- EXERCISE PROMPT -
Each line of the listing that includes the string "obtains" needs to be located and copied.

- ENTRIES SHOWN -
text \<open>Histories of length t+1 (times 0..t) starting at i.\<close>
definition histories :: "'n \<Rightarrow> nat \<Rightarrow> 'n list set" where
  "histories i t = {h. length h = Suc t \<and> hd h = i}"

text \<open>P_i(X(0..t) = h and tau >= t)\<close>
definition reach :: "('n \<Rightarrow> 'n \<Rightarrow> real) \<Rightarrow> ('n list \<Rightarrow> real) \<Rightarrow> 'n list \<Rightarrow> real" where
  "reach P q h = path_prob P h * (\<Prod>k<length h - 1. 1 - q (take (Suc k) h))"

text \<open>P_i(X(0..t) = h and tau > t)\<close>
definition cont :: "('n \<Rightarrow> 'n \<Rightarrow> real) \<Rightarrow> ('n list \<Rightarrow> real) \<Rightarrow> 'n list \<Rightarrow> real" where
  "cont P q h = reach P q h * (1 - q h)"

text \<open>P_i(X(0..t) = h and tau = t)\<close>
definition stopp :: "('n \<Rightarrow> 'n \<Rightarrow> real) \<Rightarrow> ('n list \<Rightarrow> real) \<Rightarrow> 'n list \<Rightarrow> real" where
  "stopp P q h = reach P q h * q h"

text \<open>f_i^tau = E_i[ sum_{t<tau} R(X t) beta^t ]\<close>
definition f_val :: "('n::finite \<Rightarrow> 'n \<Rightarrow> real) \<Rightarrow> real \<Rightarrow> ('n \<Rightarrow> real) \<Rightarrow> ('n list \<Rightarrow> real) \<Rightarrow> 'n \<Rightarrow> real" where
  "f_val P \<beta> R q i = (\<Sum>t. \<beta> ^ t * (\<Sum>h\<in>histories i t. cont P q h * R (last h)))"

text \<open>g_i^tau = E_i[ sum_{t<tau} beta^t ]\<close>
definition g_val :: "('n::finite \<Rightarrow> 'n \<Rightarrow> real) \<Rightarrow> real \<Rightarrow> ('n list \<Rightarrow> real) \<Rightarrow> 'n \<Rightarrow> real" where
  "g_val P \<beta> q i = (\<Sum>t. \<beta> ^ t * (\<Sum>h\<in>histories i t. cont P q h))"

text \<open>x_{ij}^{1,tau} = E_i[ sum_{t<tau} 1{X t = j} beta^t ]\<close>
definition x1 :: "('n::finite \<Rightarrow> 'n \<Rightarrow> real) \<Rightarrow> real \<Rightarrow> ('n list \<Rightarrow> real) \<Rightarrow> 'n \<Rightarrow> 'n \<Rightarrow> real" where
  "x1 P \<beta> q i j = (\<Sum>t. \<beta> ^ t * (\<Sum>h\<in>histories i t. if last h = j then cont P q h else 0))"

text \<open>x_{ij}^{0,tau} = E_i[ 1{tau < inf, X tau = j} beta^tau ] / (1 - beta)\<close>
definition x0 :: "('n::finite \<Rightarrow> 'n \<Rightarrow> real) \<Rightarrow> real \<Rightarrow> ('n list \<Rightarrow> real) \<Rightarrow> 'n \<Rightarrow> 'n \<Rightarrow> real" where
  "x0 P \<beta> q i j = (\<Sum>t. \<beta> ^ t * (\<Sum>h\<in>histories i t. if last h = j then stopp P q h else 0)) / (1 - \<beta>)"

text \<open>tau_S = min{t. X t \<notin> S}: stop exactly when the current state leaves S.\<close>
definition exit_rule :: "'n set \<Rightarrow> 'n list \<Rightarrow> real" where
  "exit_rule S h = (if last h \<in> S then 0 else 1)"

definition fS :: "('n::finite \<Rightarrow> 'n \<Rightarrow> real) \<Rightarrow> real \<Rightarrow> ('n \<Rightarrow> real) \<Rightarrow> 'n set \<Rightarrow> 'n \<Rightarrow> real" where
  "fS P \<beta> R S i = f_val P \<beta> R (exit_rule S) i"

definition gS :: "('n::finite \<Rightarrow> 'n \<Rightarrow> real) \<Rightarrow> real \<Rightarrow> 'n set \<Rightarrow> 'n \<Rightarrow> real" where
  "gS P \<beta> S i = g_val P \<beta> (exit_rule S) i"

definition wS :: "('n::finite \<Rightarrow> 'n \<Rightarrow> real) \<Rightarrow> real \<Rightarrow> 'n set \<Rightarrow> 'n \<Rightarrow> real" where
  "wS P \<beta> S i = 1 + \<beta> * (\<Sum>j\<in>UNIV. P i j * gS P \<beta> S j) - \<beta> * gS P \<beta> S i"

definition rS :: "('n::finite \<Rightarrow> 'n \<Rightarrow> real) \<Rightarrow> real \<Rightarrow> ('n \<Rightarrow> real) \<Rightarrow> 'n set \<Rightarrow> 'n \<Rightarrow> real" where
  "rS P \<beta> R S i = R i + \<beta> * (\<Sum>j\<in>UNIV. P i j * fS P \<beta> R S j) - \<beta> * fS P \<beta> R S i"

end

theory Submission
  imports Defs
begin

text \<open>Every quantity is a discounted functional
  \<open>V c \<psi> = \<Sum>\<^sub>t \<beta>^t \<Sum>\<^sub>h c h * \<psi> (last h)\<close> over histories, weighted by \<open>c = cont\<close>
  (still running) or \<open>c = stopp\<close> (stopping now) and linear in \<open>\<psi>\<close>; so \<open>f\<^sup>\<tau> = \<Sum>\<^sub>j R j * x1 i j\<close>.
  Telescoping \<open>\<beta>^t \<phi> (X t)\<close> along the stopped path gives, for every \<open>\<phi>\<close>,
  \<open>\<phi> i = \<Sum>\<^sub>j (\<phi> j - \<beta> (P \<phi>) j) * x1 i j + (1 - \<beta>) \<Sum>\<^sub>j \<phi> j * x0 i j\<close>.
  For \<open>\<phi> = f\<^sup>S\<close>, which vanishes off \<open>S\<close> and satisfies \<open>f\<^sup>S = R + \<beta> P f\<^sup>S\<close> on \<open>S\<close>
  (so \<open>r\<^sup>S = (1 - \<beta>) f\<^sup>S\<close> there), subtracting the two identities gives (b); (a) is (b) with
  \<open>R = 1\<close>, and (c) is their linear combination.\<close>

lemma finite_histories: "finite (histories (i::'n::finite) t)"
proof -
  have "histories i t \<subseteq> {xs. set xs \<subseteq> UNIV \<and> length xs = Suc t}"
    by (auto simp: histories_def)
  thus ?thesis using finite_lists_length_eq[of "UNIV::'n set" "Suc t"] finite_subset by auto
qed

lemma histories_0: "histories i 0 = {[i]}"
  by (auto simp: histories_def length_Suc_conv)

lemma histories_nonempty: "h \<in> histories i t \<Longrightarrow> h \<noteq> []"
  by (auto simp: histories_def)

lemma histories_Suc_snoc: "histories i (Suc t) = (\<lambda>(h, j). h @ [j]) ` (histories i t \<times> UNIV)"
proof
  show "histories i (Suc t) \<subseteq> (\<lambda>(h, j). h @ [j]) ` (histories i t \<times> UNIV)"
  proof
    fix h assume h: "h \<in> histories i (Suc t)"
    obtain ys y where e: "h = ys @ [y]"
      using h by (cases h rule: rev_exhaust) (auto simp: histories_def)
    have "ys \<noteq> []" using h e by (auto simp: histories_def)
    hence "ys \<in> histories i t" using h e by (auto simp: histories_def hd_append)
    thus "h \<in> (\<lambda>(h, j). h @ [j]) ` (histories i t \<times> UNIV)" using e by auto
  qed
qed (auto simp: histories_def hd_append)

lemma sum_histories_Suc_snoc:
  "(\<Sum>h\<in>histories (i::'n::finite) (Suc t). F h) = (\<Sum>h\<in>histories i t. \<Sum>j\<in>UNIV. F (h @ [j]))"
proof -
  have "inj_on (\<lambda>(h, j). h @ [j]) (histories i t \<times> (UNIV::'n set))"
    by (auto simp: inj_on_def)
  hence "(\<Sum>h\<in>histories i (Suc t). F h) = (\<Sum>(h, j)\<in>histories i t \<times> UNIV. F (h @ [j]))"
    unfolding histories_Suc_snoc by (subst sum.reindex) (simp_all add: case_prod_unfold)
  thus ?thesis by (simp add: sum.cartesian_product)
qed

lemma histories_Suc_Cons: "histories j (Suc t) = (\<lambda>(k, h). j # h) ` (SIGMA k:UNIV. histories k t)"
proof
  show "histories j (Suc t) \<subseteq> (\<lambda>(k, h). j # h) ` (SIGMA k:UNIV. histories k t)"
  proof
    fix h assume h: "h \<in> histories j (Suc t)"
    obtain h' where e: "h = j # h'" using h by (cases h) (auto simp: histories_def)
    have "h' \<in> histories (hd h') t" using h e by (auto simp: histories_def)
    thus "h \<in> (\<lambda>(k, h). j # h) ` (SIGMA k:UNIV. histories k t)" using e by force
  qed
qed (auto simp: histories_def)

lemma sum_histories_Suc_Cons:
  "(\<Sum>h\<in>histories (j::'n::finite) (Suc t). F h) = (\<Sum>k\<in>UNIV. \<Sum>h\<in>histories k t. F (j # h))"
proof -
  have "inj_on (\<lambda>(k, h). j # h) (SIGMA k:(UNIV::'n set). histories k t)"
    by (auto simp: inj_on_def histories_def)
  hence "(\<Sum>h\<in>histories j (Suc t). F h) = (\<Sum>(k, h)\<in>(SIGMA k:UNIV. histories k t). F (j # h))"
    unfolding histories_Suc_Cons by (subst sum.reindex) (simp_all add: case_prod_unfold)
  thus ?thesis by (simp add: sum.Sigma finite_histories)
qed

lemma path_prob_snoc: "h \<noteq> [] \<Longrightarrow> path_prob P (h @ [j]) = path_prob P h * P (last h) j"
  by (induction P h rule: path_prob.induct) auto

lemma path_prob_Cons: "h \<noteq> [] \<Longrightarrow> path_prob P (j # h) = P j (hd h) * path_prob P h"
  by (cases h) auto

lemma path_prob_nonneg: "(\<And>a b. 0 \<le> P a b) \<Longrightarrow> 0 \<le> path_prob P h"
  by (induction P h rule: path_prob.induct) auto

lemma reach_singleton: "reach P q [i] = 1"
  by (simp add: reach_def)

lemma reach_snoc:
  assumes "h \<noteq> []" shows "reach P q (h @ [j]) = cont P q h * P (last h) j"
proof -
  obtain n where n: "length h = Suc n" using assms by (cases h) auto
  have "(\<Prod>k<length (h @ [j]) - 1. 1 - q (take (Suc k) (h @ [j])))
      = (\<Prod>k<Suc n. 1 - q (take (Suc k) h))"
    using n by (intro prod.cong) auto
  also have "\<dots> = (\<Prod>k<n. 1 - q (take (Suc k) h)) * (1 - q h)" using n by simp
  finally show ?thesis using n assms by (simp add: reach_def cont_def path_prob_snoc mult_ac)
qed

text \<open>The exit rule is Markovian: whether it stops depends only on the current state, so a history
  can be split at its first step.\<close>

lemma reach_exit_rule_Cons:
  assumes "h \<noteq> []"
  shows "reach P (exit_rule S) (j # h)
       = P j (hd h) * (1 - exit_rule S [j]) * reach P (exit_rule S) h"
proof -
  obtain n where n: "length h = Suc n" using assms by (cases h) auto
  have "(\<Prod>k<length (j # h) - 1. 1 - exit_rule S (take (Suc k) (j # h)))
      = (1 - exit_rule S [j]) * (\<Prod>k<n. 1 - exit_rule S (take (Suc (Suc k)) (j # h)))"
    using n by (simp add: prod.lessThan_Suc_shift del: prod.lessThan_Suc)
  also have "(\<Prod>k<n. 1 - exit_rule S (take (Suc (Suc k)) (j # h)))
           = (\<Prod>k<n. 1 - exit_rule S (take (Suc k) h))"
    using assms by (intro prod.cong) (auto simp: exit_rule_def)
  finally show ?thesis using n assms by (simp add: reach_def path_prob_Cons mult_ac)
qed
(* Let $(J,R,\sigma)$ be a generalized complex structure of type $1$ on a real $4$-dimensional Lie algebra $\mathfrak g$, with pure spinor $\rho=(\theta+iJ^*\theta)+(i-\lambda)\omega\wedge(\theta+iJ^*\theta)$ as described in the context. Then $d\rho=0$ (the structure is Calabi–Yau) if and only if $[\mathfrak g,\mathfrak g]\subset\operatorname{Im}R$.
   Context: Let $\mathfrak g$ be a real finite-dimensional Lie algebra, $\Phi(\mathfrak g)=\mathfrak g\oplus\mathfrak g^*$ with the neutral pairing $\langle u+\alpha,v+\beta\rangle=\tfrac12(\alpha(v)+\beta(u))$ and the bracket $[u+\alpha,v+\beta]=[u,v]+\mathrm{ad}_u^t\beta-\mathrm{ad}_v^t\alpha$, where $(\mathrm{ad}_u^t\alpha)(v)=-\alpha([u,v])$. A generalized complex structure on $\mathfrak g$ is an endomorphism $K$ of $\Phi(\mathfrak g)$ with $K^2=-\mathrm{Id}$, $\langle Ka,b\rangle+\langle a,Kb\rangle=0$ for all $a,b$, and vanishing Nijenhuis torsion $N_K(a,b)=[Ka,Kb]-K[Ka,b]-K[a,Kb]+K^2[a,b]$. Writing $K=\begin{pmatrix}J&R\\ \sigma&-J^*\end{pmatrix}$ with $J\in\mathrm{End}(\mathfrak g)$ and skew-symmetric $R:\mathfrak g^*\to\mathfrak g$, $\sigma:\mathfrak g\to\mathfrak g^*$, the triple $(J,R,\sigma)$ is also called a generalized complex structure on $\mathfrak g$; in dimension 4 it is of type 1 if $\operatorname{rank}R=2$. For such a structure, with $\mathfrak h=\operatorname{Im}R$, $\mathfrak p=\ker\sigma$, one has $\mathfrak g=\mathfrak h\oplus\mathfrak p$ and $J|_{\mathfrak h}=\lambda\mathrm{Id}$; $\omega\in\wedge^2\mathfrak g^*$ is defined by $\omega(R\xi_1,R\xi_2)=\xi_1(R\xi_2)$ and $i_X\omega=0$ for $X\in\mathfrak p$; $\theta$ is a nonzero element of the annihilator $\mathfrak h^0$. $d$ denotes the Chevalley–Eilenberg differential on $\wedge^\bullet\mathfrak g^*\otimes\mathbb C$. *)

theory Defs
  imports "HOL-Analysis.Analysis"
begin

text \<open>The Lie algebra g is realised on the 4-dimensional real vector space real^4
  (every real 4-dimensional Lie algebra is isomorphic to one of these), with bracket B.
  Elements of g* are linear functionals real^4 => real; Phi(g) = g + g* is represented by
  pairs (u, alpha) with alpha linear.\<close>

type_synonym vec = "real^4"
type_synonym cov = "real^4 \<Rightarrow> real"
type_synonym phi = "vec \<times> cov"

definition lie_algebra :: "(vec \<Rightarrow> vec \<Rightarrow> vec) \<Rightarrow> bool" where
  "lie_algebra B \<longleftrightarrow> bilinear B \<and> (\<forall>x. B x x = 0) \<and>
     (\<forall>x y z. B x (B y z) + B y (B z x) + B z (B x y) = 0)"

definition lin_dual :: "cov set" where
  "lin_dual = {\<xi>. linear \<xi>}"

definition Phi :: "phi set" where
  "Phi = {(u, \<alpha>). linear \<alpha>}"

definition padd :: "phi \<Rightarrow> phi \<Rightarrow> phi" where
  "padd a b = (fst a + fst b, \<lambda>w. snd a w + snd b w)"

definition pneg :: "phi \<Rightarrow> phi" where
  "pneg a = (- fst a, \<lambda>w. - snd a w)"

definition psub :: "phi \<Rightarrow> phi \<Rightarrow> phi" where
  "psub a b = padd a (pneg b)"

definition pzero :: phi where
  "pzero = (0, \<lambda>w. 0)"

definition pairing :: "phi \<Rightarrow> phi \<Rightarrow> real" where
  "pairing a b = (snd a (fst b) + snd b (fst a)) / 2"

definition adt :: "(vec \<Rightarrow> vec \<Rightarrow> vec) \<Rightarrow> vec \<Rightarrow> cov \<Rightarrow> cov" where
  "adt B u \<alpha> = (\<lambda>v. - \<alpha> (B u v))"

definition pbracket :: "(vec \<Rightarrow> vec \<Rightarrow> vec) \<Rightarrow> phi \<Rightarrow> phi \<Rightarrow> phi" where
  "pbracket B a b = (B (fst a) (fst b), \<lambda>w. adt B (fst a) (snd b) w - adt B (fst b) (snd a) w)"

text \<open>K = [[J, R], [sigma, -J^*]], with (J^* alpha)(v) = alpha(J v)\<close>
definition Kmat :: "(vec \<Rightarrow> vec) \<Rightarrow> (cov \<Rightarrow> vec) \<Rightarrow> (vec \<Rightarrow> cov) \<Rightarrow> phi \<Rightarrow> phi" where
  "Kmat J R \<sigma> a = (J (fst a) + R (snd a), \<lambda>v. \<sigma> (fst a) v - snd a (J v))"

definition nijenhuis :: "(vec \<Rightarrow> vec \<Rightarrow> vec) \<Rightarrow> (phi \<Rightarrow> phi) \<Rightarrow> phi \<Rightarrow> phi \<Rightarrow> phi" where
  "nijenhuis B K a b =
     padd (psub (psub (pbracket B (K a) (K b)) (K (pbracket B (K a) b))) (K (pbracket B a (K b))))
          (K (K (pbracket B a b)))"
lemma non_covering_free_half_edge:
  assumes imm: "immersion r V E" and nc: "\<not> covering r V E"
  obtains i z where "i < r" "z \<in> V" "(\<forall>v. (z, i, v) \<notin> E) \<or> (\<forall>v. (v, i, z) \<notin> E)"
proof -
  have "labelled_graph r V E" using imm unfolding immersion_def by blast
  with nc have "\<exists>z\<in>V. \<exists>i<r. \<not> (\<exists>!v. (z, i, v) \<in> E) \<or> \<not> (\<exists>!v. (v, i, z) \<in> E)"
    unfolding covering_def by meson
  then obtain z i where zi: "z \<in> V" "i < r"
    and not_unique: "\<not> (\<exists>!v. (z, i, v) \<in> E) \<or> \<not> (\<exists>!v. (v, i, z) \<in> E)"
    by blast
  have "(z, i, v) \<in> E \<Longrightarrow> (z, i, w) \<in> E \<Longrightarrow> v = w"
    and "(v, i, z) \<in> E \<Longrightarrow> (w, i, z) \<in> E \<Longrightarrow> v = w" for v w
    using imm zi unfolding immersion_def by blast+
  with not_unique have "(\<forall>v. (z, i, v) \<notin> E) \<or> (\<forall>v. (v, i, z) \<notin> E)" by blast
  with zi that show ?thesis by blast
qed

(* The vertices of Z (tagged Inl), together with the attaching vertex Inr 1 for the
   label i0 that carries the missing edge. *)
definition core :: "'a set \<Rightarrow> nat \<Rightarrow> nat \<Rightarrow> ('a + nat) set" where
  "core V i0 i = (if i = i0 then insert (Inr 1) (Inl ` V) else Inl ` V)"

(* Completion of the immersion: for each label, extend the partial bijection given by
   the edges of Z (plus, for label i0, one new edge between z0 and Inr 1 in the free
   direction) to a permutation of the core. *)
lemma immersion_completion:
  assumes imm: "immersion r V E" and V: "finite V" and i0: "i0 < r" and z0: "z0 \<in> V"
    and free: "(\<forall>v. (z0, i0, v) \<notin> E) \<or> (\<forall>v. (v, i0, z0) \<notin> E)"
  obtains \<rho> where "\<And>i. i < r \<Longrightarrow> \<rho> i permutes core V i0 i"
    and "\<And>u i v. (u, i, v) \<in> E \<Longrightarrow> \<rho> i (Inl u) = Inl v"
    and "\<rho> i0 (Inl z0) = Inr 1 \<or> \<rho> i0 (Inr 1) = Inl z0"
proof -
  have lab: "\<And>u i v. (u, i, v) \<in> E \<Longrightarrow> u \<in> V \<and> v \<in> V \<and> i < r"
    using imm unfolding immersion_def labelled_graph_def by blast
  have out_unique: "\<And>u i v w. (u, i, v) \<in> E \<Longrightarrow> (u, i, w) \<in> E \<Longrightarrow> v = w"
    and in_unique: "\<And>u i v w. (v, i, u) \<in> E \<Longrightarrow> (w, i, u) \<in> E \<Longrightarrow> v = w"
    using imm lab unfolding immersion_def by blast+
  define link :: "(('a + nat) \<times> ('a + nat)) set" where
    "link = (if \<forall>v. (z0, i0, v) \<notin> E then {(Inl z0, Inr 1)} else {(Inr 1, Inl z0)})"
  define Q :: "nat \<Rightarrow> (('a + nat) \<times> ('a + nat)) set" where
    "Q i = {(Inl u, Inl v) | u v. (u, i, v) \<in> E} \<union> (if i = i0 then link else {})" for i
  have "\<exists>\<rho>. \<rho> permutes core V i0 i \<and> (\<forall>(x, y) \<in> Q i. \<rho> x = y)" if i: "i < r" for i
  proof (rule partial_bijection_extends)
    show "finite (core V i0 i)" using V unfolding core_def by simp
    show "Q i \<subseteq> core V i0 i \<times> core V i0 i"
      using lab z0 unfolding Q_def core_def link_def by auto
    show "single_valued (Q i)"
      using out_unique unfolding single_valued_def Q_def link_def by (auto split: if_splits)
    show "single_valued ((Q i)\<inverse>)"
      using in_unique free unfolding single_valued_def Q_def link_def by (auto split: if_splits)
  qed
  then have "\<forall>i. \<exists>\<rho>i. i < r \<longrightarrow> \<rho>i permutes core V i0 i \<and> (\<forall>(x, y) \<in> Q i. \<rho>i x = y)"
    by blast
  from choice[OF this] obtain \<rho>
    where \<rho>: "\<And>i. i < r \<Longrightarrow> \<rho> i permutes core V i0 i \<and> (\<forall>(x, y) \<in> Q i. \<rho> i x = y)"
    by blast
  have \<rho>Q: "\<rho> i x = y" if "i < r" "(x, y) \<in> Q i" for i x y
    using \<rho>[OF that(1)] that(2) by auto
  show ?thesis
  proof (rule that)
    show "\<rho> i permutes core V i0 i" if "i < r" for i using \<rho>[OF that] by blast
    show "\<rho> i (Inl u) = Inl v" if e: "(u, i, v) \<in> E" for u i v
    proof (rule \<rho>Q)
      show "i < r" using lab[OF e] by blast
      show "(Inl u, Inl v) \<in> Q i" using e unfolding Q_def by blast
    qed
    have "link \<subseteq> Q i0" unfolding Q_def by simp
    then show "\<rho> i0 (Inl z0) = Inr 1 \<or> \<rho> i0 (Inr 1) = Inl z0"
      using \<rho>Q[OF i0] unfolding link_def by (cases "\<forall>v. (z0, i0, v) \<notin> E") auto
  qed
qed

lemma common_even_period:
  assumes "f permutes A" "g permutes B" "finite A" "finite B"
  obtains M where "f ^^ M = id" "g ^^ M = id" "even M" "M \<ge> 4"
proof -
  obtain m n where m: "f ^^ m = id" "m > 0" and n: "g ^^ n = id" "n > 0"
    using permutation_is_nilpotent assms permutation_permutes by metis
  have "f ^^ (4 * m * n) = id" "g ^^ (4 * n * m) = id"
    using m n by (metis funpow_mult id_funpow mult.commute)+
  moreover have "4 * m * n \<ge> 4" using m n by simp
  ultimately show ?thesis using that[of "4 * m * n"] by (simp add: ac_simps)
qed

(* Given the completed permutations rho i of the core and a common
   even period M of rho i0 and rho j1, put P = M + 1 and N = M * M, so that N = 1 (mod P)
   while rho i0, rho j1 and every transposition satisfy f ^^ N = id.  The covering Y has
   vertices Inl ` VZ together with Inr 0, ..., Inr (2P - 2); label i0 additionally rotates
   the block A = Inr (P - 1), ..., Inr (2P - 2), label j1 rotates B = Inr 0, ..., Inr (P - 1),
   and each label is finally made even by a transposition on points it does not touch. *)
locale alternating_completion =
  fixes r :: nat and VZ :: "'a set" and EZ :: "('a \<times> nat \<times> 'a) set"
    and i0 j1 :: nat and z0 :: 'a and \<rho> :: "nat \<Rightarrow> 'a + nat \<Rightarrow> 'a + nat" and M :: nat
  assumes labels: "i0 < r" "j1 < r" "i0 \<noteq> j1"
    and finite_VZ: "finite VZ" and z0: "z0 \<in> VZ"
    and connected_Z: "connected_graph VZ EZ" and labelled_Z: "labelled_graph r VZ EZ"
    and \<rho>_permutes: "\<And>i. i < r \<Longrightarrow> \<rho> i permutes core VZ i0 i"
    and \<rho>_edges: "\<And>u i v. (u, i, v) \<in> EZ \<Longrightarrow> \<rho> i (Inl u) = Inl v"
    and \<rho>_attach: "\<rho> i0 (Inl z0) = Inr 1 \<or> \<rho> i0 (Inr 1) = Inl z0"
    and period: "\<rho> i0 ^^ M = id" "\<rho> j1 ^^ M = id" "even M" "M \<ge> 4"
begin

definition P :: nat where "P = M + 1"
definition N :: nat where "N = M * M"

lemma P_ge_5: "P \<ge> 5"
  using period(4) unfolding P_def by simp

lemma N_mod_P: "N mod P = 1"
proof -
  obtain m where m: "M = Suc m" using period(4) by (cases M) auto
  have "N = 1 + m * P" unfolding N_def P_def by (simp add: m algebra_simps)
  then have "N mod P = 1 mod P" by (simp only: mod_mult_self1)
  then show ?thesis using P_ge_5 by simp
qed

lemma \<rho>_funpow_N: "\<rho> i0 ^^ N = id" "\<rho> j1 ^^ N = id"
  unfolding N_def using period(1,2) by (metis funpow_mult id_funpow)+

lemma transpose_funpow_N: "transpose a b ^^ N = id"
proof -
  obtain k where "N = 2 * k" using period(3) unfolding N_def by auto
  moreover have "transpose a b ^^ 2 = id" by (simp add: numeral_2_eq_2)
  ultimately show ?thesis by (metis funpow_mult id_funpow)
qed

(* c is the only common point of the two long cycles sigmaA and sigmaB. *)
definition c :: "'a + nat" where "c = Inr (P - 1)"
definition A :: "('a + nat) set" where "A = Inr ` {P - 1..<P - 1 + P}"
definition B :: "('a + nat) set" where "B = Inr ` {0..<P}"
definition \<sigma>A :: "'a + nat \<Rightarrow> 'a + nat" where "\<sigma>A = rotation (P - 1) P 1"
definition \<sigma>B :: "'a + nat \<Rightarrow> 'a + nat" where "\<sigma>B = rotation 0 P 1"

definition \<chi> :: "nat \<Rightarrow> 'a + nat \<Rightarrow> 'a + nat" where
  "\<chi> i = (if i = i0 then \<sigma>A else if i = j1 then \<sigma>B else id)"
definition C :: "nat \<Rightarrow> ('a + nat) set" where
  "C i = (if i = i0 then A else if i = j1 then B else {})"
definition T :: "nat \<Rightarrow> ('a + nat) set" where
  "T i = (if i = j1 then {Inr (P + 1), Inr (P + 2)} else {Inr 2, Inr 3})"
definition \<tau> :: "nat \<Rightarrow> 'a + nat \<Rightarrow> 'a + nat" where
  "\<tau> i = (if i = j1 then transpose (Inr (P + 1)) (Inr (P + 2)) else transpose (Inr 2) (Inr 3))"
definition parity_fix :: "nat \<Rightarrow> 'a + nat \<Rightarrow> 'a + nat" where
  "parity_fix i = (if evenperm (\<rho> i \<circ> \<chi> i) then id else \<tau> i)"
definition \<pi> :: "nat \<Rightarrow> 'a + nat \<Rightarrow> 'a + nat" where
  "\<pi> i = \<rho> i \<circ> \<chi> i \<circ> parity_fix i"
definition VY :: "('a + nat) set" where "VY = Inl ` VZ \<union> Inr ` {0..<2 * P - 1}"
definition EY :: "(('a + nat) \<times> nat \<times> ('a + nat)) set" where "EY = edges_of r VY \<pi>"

- RESPONSE BELOW -
  obtains i z where "i < r" "z \<in> V" "(\<forall>v. (z, i, v) \<notin> E) \<or> (\<forall>v. (v, i, z) \<notin> E)"
  obtains \<rho> where "\<And>i. i < r \<Longrightarrow> \<rho> i permutes core V i0 i"
  obtains M where "f ^^ M = id" "g ^^ M = id" "even M" "M \<ge> 4"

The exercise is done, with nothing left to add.